Instructions for the task - Return verbatim every line from the first line of the data below to the line that contains "(\<Sum>j=1..p. ((incl_post ?B", inclusive, and no further.

::::

lemma GDERIV_ln_marg_bern_prior:
  fixes m :: "nat \<Rightarrow> 'a::euclidean_space \<Rightarrow> real"
  assumes m_bounds: "\<And>j w. j \<in> {1..p} \<Longrightarrow> 0 < m j w \<and> m j w < 1"
    and m_diff: "\<And>j. j \<in> {1..p} \<Longrightarrow> m j differentiable (at \<omega>)"
    and marg_pos: "marg (binary_models p) lik (bern_prior p m) \<omega> > 0"
  shows "GDERIV (\<lambda>w. ln (marg (binary_models p) lik (bern_prior p m) w)) \<omega> :>
           (\<Sum>j=1..p. ((incl_post (binary_models p) lik (bern_prior p m) (\<lambda>\<gamma>. \<gamma>) j \<omega> - m j \<omega>)
                        / (m j \<omega> * (1 - m j \<omega>))) *\<^sub>R grad (m j) \<omega>)"
proof -
  let ?B = "binary_models p"
  let ?q = "\<lambda>\<gamma>. post ?B lik (bern_prior p m) \<gamma> \<omega>"
  let ?c = "\<lambda>\<gamma> j. (real (\<gamma> j) - m j \<omega>) / (m j \<omega> * (1 - m j \<omega>))"
  have "GDERIV (\<lambda>w. ln (marg ?B lik (bern_prior p m) w)) \<omega> :>
      (\<Sum>\<gamma>\<in>?B. ?q \<gamma> *\<^sub>R grad (\<lambda>w. ln (bern_prior p m \<gamma> w)) \<omega>)"
  proof (rule GDERIV_ln_marg[OF finite_binary_models _ _ marg_pos])
    show "bern_prior p m \<gamma> \<omega> > 0" if "\<gamma> \<in> ?B" for \<gamma>
      using that m_bounds by (rule bern_prior_pos)
    show "bern_prior p m \<gamma> differentiable (at \<omega>)" for \<gamma>
      using m_diff by (rule differentiable_bern_prior)
  qed
  also have "(\<Sum>\<gamma>\<in>?B. ?q \<gamma> *\<^sub>R grad (\<lambda>w. ln (bern_prior p m \<gamma> w)) \<omega>) =
      (\<Sum>\<gamma>\<in>?B. \<Sum>j=1..p. (?q \<gamma> * ?c \<gamma> j) *\<^sub>R grad (m j) \<omega>)"
    using grad_ln_bern_prior[OF _ m_bounds m_diff] by (simp add: scaleR_sum_right)
  also have "\<dots> = (\<Sum>j=1..p. (\<Sum>\<gamma>\<in>?B. ?q \<gamma> * ?c \<gamma> j) *\<^sub>R grad (m j) \<omega>)"
    by (simp add: sum.swap[of _ ?B] scaleR_sum_left)
  also have "\<dots> = (\<Sum>j=1..p. ((incl_post ?B lik (bern_prior p m) (\<lambda>\<gamma>. \<gamma>) j \<omega> - m j \<omega>)
                        / (m j \<omega> * (1 - m j \<omega>))) *\<^sub>R grad (m j) \<omega>)"
    using finite_binary_models binary_models_coord marg_pos
    by (intro sum.cong refl arg_cong2[where f = scaleR] sum_post_affine_coord) auto
  finally show ?thesis .
qed

lemma inv_logit_bounds: "0 < inv_logit z w" "inv_logit z w < 1"
  unfolding inv_logit_def by (auto simp: divide_simps add_pos_pos)

lemma GDERIV_inner_left: "GDERIV (\<lambda>w. z \<bullet> w) x :> z"
  unfolding gderiv_def inner_commute[of z] by (rule has_derivative_inner_left[OF has_derivative_ident])

lemma GDERIV_inv_logit: "GDERIV (inv_logit z) w :> (inv_logit z w * (1 - inv_logit z w)) *\<^sub>R z"
proof -
  let ?\<sigma> = "\<lambda>t::real. 1 / (1 + exp (- t))"
  have "1 + exp (- t) \<noteq> 0" for t :: real
    by (metis add_pos_pos exp_gt_zero zero_less_one order_less_irrefl)
  then have "DERIV ?\<sigma> t :> ?\<sigma> t * (1 - ?\<sigma> t)" for t
    by (auto intro!: derivative_eq_intros simp: power2_eq_square field_simps)
  from GDERIV_DERIV_compose[OF GDERIV_inner_left this] show ?thesis
    unfolding inv_logit_def[abs_def] .
qed

lemma GDERIV_ln_marg_inv_logit:
  fixes z :: "nat \<Rightarrow> 'a::euclidean_space"
  assumes marg_pos: "marg (binary_models p) lik (bern_prior p (\<lambda>j. inv_logit (z j))) \<omega> > 0"
  shows "GDERIV (\<lambda>w. ln (marg (binary_models p) lik (bern_prior p (\<lambda>j. inv_logit (z j))) w)) \<omega> :>
           (\<Sum>j=1..p. (incl_post (binary_models p) lik (bern_prior p (\<lambda>j. inv_logit (z j))) (\<lambda>\<gamma>. \<gamma>) j \<omega>
                        - inv_logit (z j) \<omega>) *\<^sub>R z j)"
proof -
  let ?m = "\<lambda>j. inv_logit (z j)"
  have "((a - ?m j \<omega>) / (?m j \<omega> * (1 - ?m j \<omega>))) *\<^sub>R grad (?m j) \<omega> = (a - ?m j \<omega>) *\<^sub>R z j"
    for a j
    using inv_logit_bounds[of "z j" \<omega>] by (simp add: grad_eqI[OF GDERIV_inv_logit])
  moreover have "GDERIV (\<lambda>w. ln (marg (binary_models p) lik (bern_prior p ?m) w)) \<omega> :>
      (\<Sum>j=1..p. ((incl_post (binary_models p) lik (bern_prior p ?m) (\<lambda>\<gamma>. \<gamma>) j \<omega> - ?m j \<omega>)
                   / (?m j \<omega> * (1 - ?m j \<omega>))) *\<^sub>R grad (?m j) \<omega>)"
    using GDERIV_imp_differentiable[OF GDERIV_inv_logit] marg_pos
    by (intro GDERIV_ln_marg_bern_prior) (simp_all add: inv_logit_bounds)
  ultimately show ?thesis
    by simp
qed

theorem theorem3:
  shows
  "(\<forall>(\<Gamma>::'g set) (lik::'g \<Rightarrow> real) (prior::'g \<Rightarrow> real^'q \<Rightarrow> real) \<omega>.
      finite \<Gamma> \<and> (\<forall>\<gamma>\<in>\<Gamma>. lik \<gamma> \<ge> 0)
      \<and> (\<forall>\<gamma>\<in>\<Gamma>. \<forall>w. prior \<gamma> w > 0 \<and> prior \<gamma> differentiable (at w))
      \<and> (\<forall>w. marg \<Gamma> lik prior w > 0)
      \<longrightarrow> GDERIV (\<lambda>w. ln (marg \<Gamma> lik prior w)) \<omega> :>
            (\<Sum>\<gamma>\<in>\<Gamma>. post \<Gamma> lik prior \<gamma> \<omega> *\<^sub>R grad (\<lambda>w. ln (prior \<gamma> w)) \<omega>))
   \<and>
   (\<forall>(p::nat) (lik::(nat \<Rightarrow> nat) \<Rightarrow> real) (m::nat \<Rightarrow> real^'q \<Rightarrow> real) \<omega>.
      (\<forall>\<gamma>\<in>binary_models p. lik \<gamma> \<ge> 0)
      \<and> (\<forall>j\<in>{1..p}. \<forall>w. 0 < m j w \<and> m j w < 1 \<and> m j differentiable (at w))
      \<and> (\<forall>w. marg (binary_models p) lik (bern_prior p m) w > 0)
      \<longrightarrow> GDERIV (\<lambda>w. ln (marg (binary_models p) lik (bern_prior p m) w)) \<omega> :>
            (\<Sum>j=1..p. ((incl_post (binary_models p) lik (bern_prior p m) (\<lambda>\<gamma>. \<gamma>) j \<omega> - m j \<omega>)
                         / (m j \<omega> * (1 - m j \<omega>))) *\<^sub>R grad (m j) \<omega>))
   \<and>
   (\<forall>(p::nat) (lik::(nat \<Rightarrow> nat) \<Rightarrow> real) (z::nat \<Rightarrow> real^'q) \<omega>.
      (\<forall>\<gamma>\<in>binary_models p. lik \<gamma> \<ge> 0)
      \<and> (\<forall>w. marg (binary_models p) lik (bern_prior p (\<lambda>j. inv_logit (z j))) w > 0)
      \<longrightarrow> GDERIV (\<lambda>w. ln (marg (binary_models p) lik (bern_prior p (\<lambda>j. inv_logit (z j))) w)) \<omega> :>
            (\<Sum>j=1..p. (incl_post (binary_models p) lik (bern_prior p (\<lambda>j. inv_logit (z j))) (\<lambda>\<gamma>. \<gamma>) j \<omega>
                         - inv_logit (z j) \<omega>) *\<^sub>R z j))"
  apply (intro conjI allI impI; elim conjE)
  subgoal by (rule GDERIV_ln_marg) auto
  subgoal by (rule GDERIV_ln_marg_bern_prior) auto
  subgoal by (rule GDERIV_ln_marg_inv_logit) auto
  done

end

::::

Result -
lemma GDERIV_ln_marg_bern_prior:
  fixes m :: "nat \<Rightarrow> 'a::euclidean_space \<Rightarrow> real"
  assumes m_bounds: "\<And>j w. j \<in> {1..p} \<Longrightarrow> 0 < m j w \<and> m j w < 1"
    and m_diff: "\<And>j. j \<in> {1..p} \<Longrightarrow> m j differentiable (at \<omega>)"
    and marg_pos: "marg (binary_models p) lik (bern_prior p m) \<omega> > 0"
  shows "GDERIV (\<lambda>w. ln (marg (binary_models p) lik (bern_prior p m) w)) \<omega> :>
           (\<Sum>j=1..p. ((incl_post (binary_models p) lik (bern_prior p m) (\<lambda>\<gamma>. \<gamma>) j \<omega> - m j \<omega>)
                        / (m j \<omega> * (1 - m j \<omega>))) *\<^sub>R grad (m j) \<omega>)"
proof -
  let ?B = "binary_models p"
  let ?q = "\<lambda>\<gamma>. post ?B lik (bern_prior p m) \<gamma> \<omega>"
  let ?c = "\<lambda>\<gamma> j. (real (\<gamma> j) - m j \<omega>) / (m j \<omega> * (1 - m j \<omega>))"
  have "GDERIV (\<lambda>w. ln (marg ?B lik (bern_prior p m) w)) \<omega> :>
      (\<Sum>\<gamma>\<in>?B. ?q \<gamma> *\<^sub>R grad (\<lambda>w. ln (bern_prior p m \<gamma> w)) \<omega>)"
  proof (rule GDERIV_ln_marg[OF finite_binary_models _ _ marg_pos])
    show "bern_prior p m \<gamma> \<omega> > 0" if "\<gamma> \<in> ?B" for \<gamma>
      using that m_bounds by (rule bern_prior_pos)
    show "bern_prior p m \<gamma> differentiable (at \<omega>)" for \<gamma>
      using m_diff by (rule differentiable_bern_prior)
  qed
  also have "(\<Sum>\<gamma>\<in>?B. ?q \<gamma> *\<^sub>R grad (\<lambda>w. ln (bern_prior p m \<gamma> w)) \<omega>) =
      (\<Sum>\<gamma>\<in>?B. \<Sum>j=1..p. (?q \<gamma> * ?c \<gamma> j) *\<^sub>R grad (m j) \<omega>)"
    using grad_ln_bern_prior[OF _ m_bounds m_diff] by (simp add: scaleR_sum_right)
  also have "\<dots> = (\<Sum>j=1..p. (\<Sum>\<gamma>\<in>?B. ?q \<gamma> * ?c \<gamma> j) *\<^sub>R grad (m j) \<omega>)"
    by (simp add: sum.swap[of _ ?B] scaleR_sum_left)
  also have "\<dots> = (\<Sum>j=1..p. ((incl_post ?B lik (bern_prior p m) (\<lambda>\<gamma>. \<gamma>) j \<omega> - m j \<omega>)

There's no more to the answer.